We all know that Microsoft wanted to give a wake-up call to all the application developers out there to start adopting coding best practices so they had to shock the world with the new by-default restrictions which really should have been there since Day One when NT 4.0 was released. Nobody should be running as an admin, not even Domain Admins on their own machine. We humans make far too many mistakes without realiziing it. That's why RunAs exists. But if you think this is really annoying for us consumers, you should realize that Microsoft these days probably doesn't care about the consumer market as much as the enterprise market. If you look beyond their Microsoft Live and academic license offerings, you'll see products like Exchange, Internet Security and Acceleration, SharePoint, SQL Server, Forefront, etc.. Selling to and supporting a bunch of individual users is tough.

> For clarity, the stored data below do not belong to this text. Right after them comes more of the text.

lemma prime_fuzzy_h_ideal_level_set:
  assumes prime: "prime_fuzzy_h_ideal m \<mu>" and "h_ideal m A" "h_ideal m B"
    and c: "0 < c" "c \<le> 1"
    and AB: "\<And>a b \<gamma>. a \<in> A \<Longrightarrow> b \<in> B \<Longrightarrow> c \<le> \<mu> (m a \<gamma> b)"
  shows "A \<subseteq> {w. c \<le> \<mu> w} \<or> B \<subseteq> {w. c \<le> \<mu> w}"
proof -
  have "fuzzy_h_ideal m \<mu>" using prime by (simp add: prime_fuzzy_h_ideal_def)
  then have "h_product m (\<lambda>a. if a \<in> A then c else 0) (\<lambda>b. if b \<in> B then c else 0) w \<le> \<mu> w" for w
    using c AB by (intro h_product_scaled_indicators_le) auto
  then have "(\<forall>x. (if x \<in> A then c else 0) \<le> \<mu> x) \<or> (\<forall>x. (if x \<in> B then c else 0) \<le> \<mu> x)"
    using assms by (intro prime_fuzzy_h_idealD fuzzy_h_ideal_scaled_indicator)
  then show ?thesis by (auto split: if_splits)
qed

lemma max_le_INF_sandwich:
  fixes m :: "'a::comm_monoid_add \<Rightarrow> 'g::comm_monoid_add \<Rightarrow> 'a \<Rightarrow> 'a"
  assumes "fuzzy_h_ideal m \<mu>"
  shows "max (\<mu> x) (\<mu> y) \<le> (INF p \<in> (UNIV :: ('a \<times> 'g \<times> 'g) set).
                       \<mu> (m (m x (fst (snd p)) (fst p)) (snd (snd p)) y))"
  using fuzzy_h_ideal_mult_left[OF assms] fuzzy_h_ideal_mult_right[OF assms]
  by (intro cINF_greatest) (auto intro: order_trans)

lemma prime_INF_sandwich_le_max:
  fixes m :: "'a::comm_monoid_add \<Rightarrow> 'g::comm_monoid_add \<Rightarrow> 'a \<Rightarrow> 'a"
  assumes gh: "gamma_hemiring m" and prime: "prime_fuzzy_h_ideal m \<mu>"
  shows "(INF p \<in> (UNIV :: ('a \<times> 'g \<times> 'g) set).
            \<mu> (m (m x (fst (snd p)) (fst p)) (snd (snd p)) y)) \<le> max (\<mu> x) (\<mu> y)"
    (is "?I \<le> _")
proof (rule ccontr)
  assume "\<not> ?I \<le> max (\<mu> x) (\<mu> y)"
  then have gt: "max (\<mu> x) (\<mu> y) < ?I" by linarith
  have \<mu>: "fuzzy_h_ideal m \<mu>" using prime by (simp add: prime_fuzzy_h_ideal_def)
  have bdd: "bdd_below (range (\<lambda>p. \<mu> (m (m x (fst (snd p)) (fst p)) (snd (snd p)) y)))"
    using fuzzy_h_ideal_nonneg[OF \<mu>] by (intro bdd_belowI[where m=0]) auto
  have lower: "?I \<le> \<mu> (m (m x \<alpha> s) \<gamma> y)" for \<alpha> s \<gamma>
    using cINF_lower[OF bdd, of "(s, \<alpha>, \<gamma>)"] by simp
  have I_le_0: "?I \<le> \<mu> 0"
    using lower[of 0 0 0] by (simp add: gamma_hemiring_zero_right[OF gh] gamma_hemiring_zero_left[OF gh])
  have I_pos: "0 < ?I" using gt fuzzy_h_ideal_nonneg[OF \<mu>, of x] by linarith
  have I_le_1: "?I \<le> 1" using I_le_0 fuzzy_h_ideal_le_one[OF \<mu>, of 0] by linarith
  define U where "U = {w. ?I \<le> \<mu> w}"
  have U: "h_ideal m U" unfolding U_def using \<mu> I_le_0 by (rule h_ideal_level_set)
  define A where "A = {a. \<forall>\<alpha> s \<gamma>. m (m a \<alpha> s) \<gamma> y \<in> U}"
  have A: "h_ideal m A" unfolding A_def using gh U by (rule h_ideal_left_quotient)
  define B where "B = {b. \<forall>a\<in>A. \<forall>\<gamma>. m a \<gamma> b \<in> U}"
  have B: "h_ideal m B"
    unfolding B_def using gh U h_ideal_mult_left[OF A] by (rule h_ideal_right_annihilator)
  define D where "D = {b. \<forall>a \<in> UNIV. \<forall>\<gamma>. m a \<gamma> b \<in> U}"
  have "x \<in> A" "x \<notin> U" using lower gt by (auto simp: A_def U_def)
  then have "B \<subseteq> U"
    using prime_fuzzy_h_ideal_level_set[OF prime A B I_pos I_le_1] by (auto simp: B_def U_def)
  moreover have "m s \<delta> y \<in> B" for s \<delta>
    by (auto simp: A_def B_def gamma_hemiring_assoc[OF gh])
  ultimately have "y \<in> D" by (auto simp: D_def)
  have D: "h_ideal m D" unfolding D_def using gh U by (rule h_ideal_right_annihilator) simp
  have "D \<subseteq> U"
    using prime_fuzzy_h_ideal_level_set[OF prime D D I_pos I_le_1] by (auto simp: D_def U_def)
  then show False using \<open>y \<in> D\<close> gt by (auto simp: U_def)
qed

Selling an Enterprise Agreement license for a few thousands seats to a large organization with dependencies on Active Directory, Exchange, Office, etc. in a pure Microsoft shop is probably a lot easier and perhaps more lucrative.

Microsoft shot themselves in the foot a long time ago without realizing it when they gave everyone admin privileges by default out of the box. Baaaad move, and certainly set in stone a lot of default expectations for the users, giving them complete access and freedom to do whatever they want in the operating environment as they pleased without providing any guidance on what the potential consequences would be.